Chereads / Chronophobia (Indonesia) / Chapter 46 - Awal Hari yang Indah

Chapter 46 - Awal Hari yang Indah

Seharian itu Sastra berada di dalam kamarnya mengurung diri dan tidak melakukan apa-apa. Dia sama sekali tidak keluar kamar kecuali untuk buang air, tetapi dia tidak sanggup untuk mandi. Entah kenapa tubuhnya demam dan kepalanya pusing, padahal dia sama sekali tidak sakit di hari-hari sebelumnya. Mungkin karena kondisi mental dan pikirannya yang menurun menyebabkan penurunan kesehatannya juga. Bella pelayannya, mwengantarkan makanan dan meletakkannya di kamar Sastra. Namun, dari makanan yang disajikan itu Sastra hanya mengkonsumsi 1 per 3 dan tidak memakan sisanya. 
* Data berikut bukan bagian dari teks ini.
(* Let $\mathfrak{S}$ be a labelled sequent. Any saturation phase started on $\mathfrak{S}$ terminates and yields a finite derivation (with root $\mathfrak{S}$) whose open leaves are saturated.
   Context: Formulas: fix a countable set $\mathtt{Prop}$ of propositional atoms; formulas are generated by $A ::= \bot \mid p \mid A \to A \mid \Box A \mid \triangle A$ with $p \in \mathtt{Prop}$. Labelled sequents: fix a countable set $\mathtt{Lab}$ of labels. A labelled formula is $x:A$ with $x\in\mathtt{Lab}$ and $A$ a formula; a relational atom is $xRy$ or $xSy$ with $x,y \in \mathtt{Lab}$. A sequent $\mathcal{R},\Gamma\Rightarrow\Omega$ consists of a finite multiset $\mathcal{R}$ of relational atoms and finite multisets $\Gamma,\Omega$ of labelled formulas; commas denote multiset union. Rules used (premisses above, conclusion below; $\mathcal{R},\Gamma,\Omega$ arbitrary): ($\to$R) from $\mathcal{R},\Gamma,x:A\Rightarrow x:B,\Omega$ infer $\mathcal{R},\Gamma\Rightarrow x:A\to B,\Omega$; ($\to$L) from $\mathcal{R},\Gamma\Rightarrow x:A,\Omega$ and $\mathcal{R},\Gamma,x:B\Rightarrow\Omega$ infer $\mathcal{R},\Gamma,x:A\to B\Rightarrow\Omega$; ($\Box$L) from $\mathcal{R},xRy,x:\Box A,y:A,\Gamma\Rightarrow\Omega$ infer $\mathcal{R},xRy,x:\Box A,\Gamma\Rightarrow\Omega$; ($\triangle$L) from $\mathcal{R},xSy,x:\triangle A,y:A,\Gamma\Rightarrow\Omega$ infer $\mathcal{R},xSy,x:\triangle A,\Gamma\Rightarrow\Omega$; ($\mathrm{trans}_{\circ\bullet}$, for each $\circ,\bullet\in\{R,S\}$) from $\mathcal{R},x\circ y,y\bullet z,x\bullet z,\Gamma\Rightarrow\Omega$ infer $\mathcal{R},x\circ y,y\bullet z,\Gamma\Rightarrow\Omega$. A derivation is a (finite or infinite) tree of sequents built from rule instances, possibly with open leaves (leaves that are not conclusions of premiss-free rules). Saturation: in a sequent $\mathcal{R},\Gamma\Rightarrow\Omega$ containing $x:A$, the labelled formula $x:A$ is saturated if: $A\in\mathtt{Prop}$ or $A=\bot$; or $A=A_1\to A_2$ and [if $x:A\in\Gamma$ then $x:A_1\in\Omega$ or $x:A_2\in\Gamma$] and [if $x:A\in\Omega$ then $x:A_1\in\Gamma$ and $x:A_2\in\Omega$]; or $A=\Box A_1$ and if $x:A\in\Gamma$ then $y:A_1\in\Gamma$ for all $y$ with $xRy\in\mathcal{R}$; or $A=\triangle A_1$ and if $x:A\in\Gamma$ then $y:A_1\in\Gamma$ for all $y$ with $xSy\in\mathcal{R}$. A sequent is saturated if all its labelled formulas are saturated and $\mathcal{R}$ is closed under the transitivity rules (whenever $x\circ y,y\bullet z\in\mathcal{R}$ with $\circ,\bullet\in\{R,S\}$, also $x\bullet z\in\mathcal{R}$). Saturation phase: starting from a sequent (or from the open leaves of a derivation), repeatedly apply, bottom-up, the rules $\to$L, $\to$R, $\Box$L, $\triangle$L and $\mathrm{trans}_{\circ\bullet}$ to open leaves that are not saturated, in any order, each application addressing a formula or pair of relational atoms that is not yet saturated in that leaf, for as long as possible. *)

theory Defs
  imports Main "HOL-Library.Multiset"
begin
(* Let $I=\begin{pmatrix}1&0\\0&1\end{pmatrix}$, $X=\begin{pmatrix}0&1\\1&0\end{pmatrix}$, $Z=\begin{pmatrix}1&0\\0&-1\end{pmatrix}$ and $Y=XZ$. For each $M:=M_1\otimes M_2\otimes M_3$ with $M_i\in\{I,X,Y,Z\}$ (an $8\times 8$ real matrix), the map $\sigma_M:V(G_{E_8})\to V(G_{E_8})$, $v_x\mapsto v_{Mx}$, is a well-defined automorphism of $G_{E_8}$. These automorphisms form a subgroup $L$ of $\mathrm{Aut}(G_{E_8})$ with $L\cong\mathbb{Z}_2^6$.
   Context: The $E_8$ root system $\Psi_{E_8}\subset\mathbb{R}^8$ consists of the 240 vectors $\pm e_i\pm e_j$ for $1\le i<j\le 8$, together with all $x=(x_1,\dots,x_8)$ with $x_i\in\{\pm1\}$ and $\prod_{i=1}^8x_i=1$. The graph $G_{E_8}$ has vertex set $\{v_x : x\in\Psi_{E_8}\}$ where $v_x=v_{-x}$ (so 120 vertices, one per line), and $v_x,v_y$ are adjacent iff $\langle x,y\rangle=0$ (standard inner product). *)

theory Defs
  imports Complex_Main "HOL-Algebra.Algebra"
begin

text \<open>Vectors of R^8 are represented as real lists of length 8; coordinate e_(k+1) is
  list index k (k = 0..7). 8x8 (and 2x2) real matrices are functions nat => nat => real,
  only entries with indices below the dimension being relevant.\<close>

definition inner8 :: "real list \<Rightarrow> real list \<Rightarrow> real" where
  "inner8 x y = (\<Sum>k<8. x ! k * y ! k)"
lemma expected_N2_eq:
  assumes "l \<ge> 1"
  shows "expected_N2 l = card (O2 l) / real l ^ 2"
proof -
  define S where "S = {0..<int l ^ 2}"
  define I where
    "I (Q :: rat^2^2) A B C \<longleftrightarrow> is_int_mat (transpose Q ** int_to_rat_mat (sym2 A B C) ** Q)"
    for Q A B C
  have "finite (O2 l)"
    using assms by (rule finite_O2)
  then have N2: "real (N2 l (sym2 A B C)) = (\<Sum>Q\<in>O2 l. of_bool (I Q A B C))" for A B C
    unfolding N2_def I_def by (simp add: Collect_conj_eq Int_commute)
  have inner: "(\<Sum>A\<in>S. \<Sum>B\<in>S. \<Sum>C\<in>S. of_bool (I Q A B C) :: real) = real l ^ 4" if "Q \<in> O2 l" for Q
  proof -
    have "Q \<in> (\<lambda>((x, y), e). orth_of_rep l x y e) ` (prim_two_squares (int l ^ 2) \<times> {1, -1})"
      using bij_betw_imp_surj_on[OF bij_betw_orth_of_rep[OF assms]] that by simp
    then obtain x y e where xy: "(x, y) \<in> prim_two_squares (int l ^ 2)" and e: "e \<in> {1, -1}"
      and Q: "Q = orth_of_rep l x y e"
      by auto
    show ?thesis
      using sum_indicator_congruence_orth_of_rep[OF xy assms e] unfolding I_def S_def Q .
  qed
  have "(\<Sum>A\<in>S. \<Sum>B\<in>S. \<Sum>C\<in>S. real (N2 l (sym2 A B C)))
      = (\<Sum>Q\<in>O2 l. \<Sum>A\<in>S. \<Sum>B\<in>S. \<Sum>C\<in>S. of_bool (I Q A B C))"
    unfolding N2 by (simp only: sum.swap[of _ "O2 l"])
  also have "\<dots> = card (O2 l) * real l ^ 4"
    using inner by simp
  finally have "expected_N2 l = card (O2 l) * real l ^ 4 / real l ^ 6"
    unfolding expected_N2_def S_def by simp
  also have "\<dots> = card (O2 l) * real l ^ 4 / (real l ^ 2 * real l ^ 4)"
    by (simp flip: power_add)
  also have "\<dots> = card (O2 l) / real l ^ 2"
    by (rule nonzero_mult_divide_mult_cancel_right) (use assms in simp)
  finally show ?thesis .
qed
Ruangan itu gelap karena gordennya ia tutup sehingga hanya ada dirinya dan Sasbel. Dengan wajah yang pucat Sastra memandang ke arah Sasbel dan berkata, "Menurutmu yang kulakukan ini bener atau salah, Sasbel? Aku cuma mau melindungi Isabel… Bukan, mungkin aku memang gak suka sama Martin, cemburu dan benci padanya. Alasan untuk melindungi Isabel juga mungkin kebohongan yang kubuat? Tapi apa aku bener-bener bohong? Aku cuma, aku gak tau…" 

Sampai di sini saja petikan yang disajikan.